___ Given entries ___

text \<open>Two vertices contribute the edge \<open>i\<close> of the window to their distance exactly when they
  attach on opposite sides of it, which happens with probability \<open>2 * separation w i\<close>.\<close>
lemma T2bar_window_edges:
  assumes "sum w V = 1" "s + k \<le> length R" "1 \<le> k"
  shows "T2bar V E len w vt (take k (drop s R)) =
    (2 / vt) * (\<Sum>i\<in>{s..<s + k - 1}. edge i * separation w i)"
proof -
  let ?W = "{s..<s + k - 1}"
  let ?J = "\<lambda>i v. of_bool (i < attach v) :: real"
  have le: "s \<le> s + k - 1" using assms(3) by simp
  have "(\<Sum>v\<in>V. w v * (\<Sum>u\<in>V. w u * (\<Sum>i\<in>?W. edge i * \<bar>?J i v - ?J i u\<bar>))) =
      (\<Sum>v\<in>V. \<Sum>u\<in>V. \<Sum>i\<in>?W. edge i * (w v * w u * \<bar>?J i v - ?J i u\<bar>))"
    by (simp add: sum_distrib_left ac_simps)
  also have "\<dots> = (\<Sum>i\<in>?W. \<Sum>v\<in>V. \<Sum>u\<in>V. edge i * (w v * w u * \<bar>?J i v - ?J i u\<bar>))"
    by (simp only: sum.swap[of _ V ?W])
  also have "\<dots> = (\<Sum>i\<in>?W. edge i * (2 * separation w i))"
    unfolding sum_distrib_left[symmetric] abs_of_bool_diff separation_def weight_beyond_def
    by (simp add: double_sum_disagreement[OF assms(1)])
  finally show ?thesis
    unfolding T2bar_window[OF assms(2,3)] abs_pos_clamp_diff[OF le]
    by (simp add: sum_distrib_left ac_simps)
qed

lemma separation_quasiconcave:
  assumes "\<forall>v\<in>V. 0 \<le> w v" "a \<le> b" "b \<le> c"
  shows "min (separation w a) (separation w c) \<le> separation w b"
proof -
  have "weight_beyond w j \<le> weight_beyond w i" if "i \<le> j" for i j
    unfolding weight_beyond_def using assms(1) that by (intro sum_mono) auto
  then show ?thesis
    unfolding separation_def using assms(2,3) by (intro min_mult_one_minus_le) auto
qed

lemma edge_shift_eq:
  assumes "s + k < length R" "1 \<le> k"
    and "tdist V E len (R ! s) (R ! (s + k - 1)) = tdist V E len (R ! Suc s) (R ! (s + k))"
  shows "edge (s + k - 1) = edge s"
proof -
  have "pos (s + k - 1) - pos s = pos (s + k) - pos (Suc s)"
    using assms tdist_R[of s "s + k - 1"] tdist_R[of "Suc s" "s + k"] strict_mono_pos
    by (simp add: strict_mono_less_eq)
  moreover have "pos (s + k) = pos (s + k - 1) + edge (s + k - 1)"
    using assms(2) pos_add[of "s + k - 1" 1] by simp
  ultimately show ?thesis using pos_add[of s 1] by simp
qed

lemma Sbar_window_succ_diff:
  assumes "sum w V = 1" "s + k < length R" "1 \<le> k" "edge (s + k - 1) = edge s"
  shows "Sbar V E len w vt G (take k (drop (Suc s) R)) - Sbar V E len w vt G (take k (drop s R)) =
    (2 / vt) * edge s * (separation w (s + k - 1) - separation w s)"
proof -
  let ?f = "\<lambda>i. edge i * separation w i"
  have T2bar: "T2bar V E len w vt (take k (drop s' R)) = (2 / vt) * sum ?f {s'..<s' + k - 1}"
    if "s' \<le> Suc s" for s'
    using T2bar_window_edges[OF assms(1) _ assms(3)] that assms(2) by simp
  have "sum ?f {s..<s + k - 1} + ?f (s + k - 1) = ?f s + sum ?f {Suc s..<Suc s + k - 1}"
    using assms(3) sum.atLeastLessThan_Suc[of s "s + k - 1" ?f] sum.atLeast_Suc_lessThan[of s "s + k" ?f]
    by simp
  then have "sum ?f {Suc s..<Suc s + k - 1} - sum ?f {s..<s + k - 1} =
      edge s * separation w (s + k - 1) - edge s * separation w s"
    using assms(4) by simp
  then show ?thesis
    unfolding Sbar_def T2bar[OF le_SucI[OF order.refl]] T2bar[OF order.refl]
    by (simp only: add_diff_cancel_right right_diff_distrib[symmetric] mult.assoc)
qed

end

theorem lemma4:
  fixes V :: "'a set" and E :: "('a \<times> 'a) set" and len :: "'a \<Rightarrow> 'a \<Rightarrow> real"
    and w :: "'a \<Rightarrow> real" and vt G l :: real and R :: "'a list" and k :: nat
  assumes tree: "weighted_tree V E len"
    and w_nonneg: "\<forall>v\<in>V. w v \<ge> 0"
    and w_sum: "(\<Sum>v\<in>V. w v) = 1"
    and vt_pos: "vt > 0"
    and G_nonneg: "G \<ge> 0"
    and R_path: "is_path V E R"
    and k_ge: "2 \<le> k" and k_le: "k \<le> length R"
    and same_len: "\<forall>j\<in>{1..length R - k + 1}.
        tdist V E len (hd (subpath R k j)) (last (subpath R k j)) = l"
  shows "\<exists>js\<in>{1..length R - k + 1}.
           (\<forall>j. 1 \<le> j \<and> j < js \<longrightarrow>
              Sbar V E len w vt G (subpath R k j) \<le> Sbar V E len w vt G (subpath R k (j + 1))) \<and>
           (\<forall>j. js \<le> j \<and> j < length R - k + 1 \<longrightarrow>
              Sbar V E len w vt G (subpath R k j) \<ge> Sbar V E len w vt G (subpath R k (j + 1)))"
proof -
  interpret tree_with_path V E len R using tree R_path by unfold_locales
  have window_len: "tdist V E len (R ! s) (R ! (s + k - 1)) = l" if "s + k \<le> length R" for s
    using same_len[rule_format, of "Suc s"] that k_ge
    by (simp add: subpath_def hd_drop_conv_nth last_take_drop)
  have step: "Sbar V E len w vt G (subpath R k (j + 1)) - Sbar V E len w vt G (subpath R k j) =
      (2 / vt * edge (j - 1)) * (separation w (j + (k - 1) - 1) - separation w (j - 1))"
    if "1 \<le> j" "j < length R - k + 1" for j
  proof -
    obtain s where j: "j = Suc s" using \<open>1 \<le> j\<close> by (cases j) auto
    have "s + k < length R" using that(2) k_le unfolding j by linarith
    then have "edge (s + k - 1) = edge s"
      using edge_shift_eq window_len[of s] window_len[of "Suc s"] k_ge by simp
    then show ?thesis
      using Sbar_window_succ_diff[OF w_sum \<open>s + k < length R\<close>] k_ge
      unfolding j subpath_def by (simp add: add.commute)
  qed
  show ?thesis
    by (rule exists_peak_of_shifted_differences[OF _ _ step])
      (use separation_quasiconcave[OF w_nonneg] vt_pos edge_pos in auto)
qed

end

___

→ **Task item**:
If a line in the data above holds the string "assumes", report that line.

→ **Result below**:
  assumes "sum w V = 1" "s + k \<le> length R" "1 \<le> k"
  assumes "\<forall>v\<in>V. 0 \<le> w v" "a \<le> b" "b \<le> c"
  assumes "s + k < length R" "1 \<le> k"
  assumes "sum w V = 1" "s + k < length R" "1 \<le> k" "edge (s + k - 1) = edge s"
  assumes tree: "weighted_tree V E len"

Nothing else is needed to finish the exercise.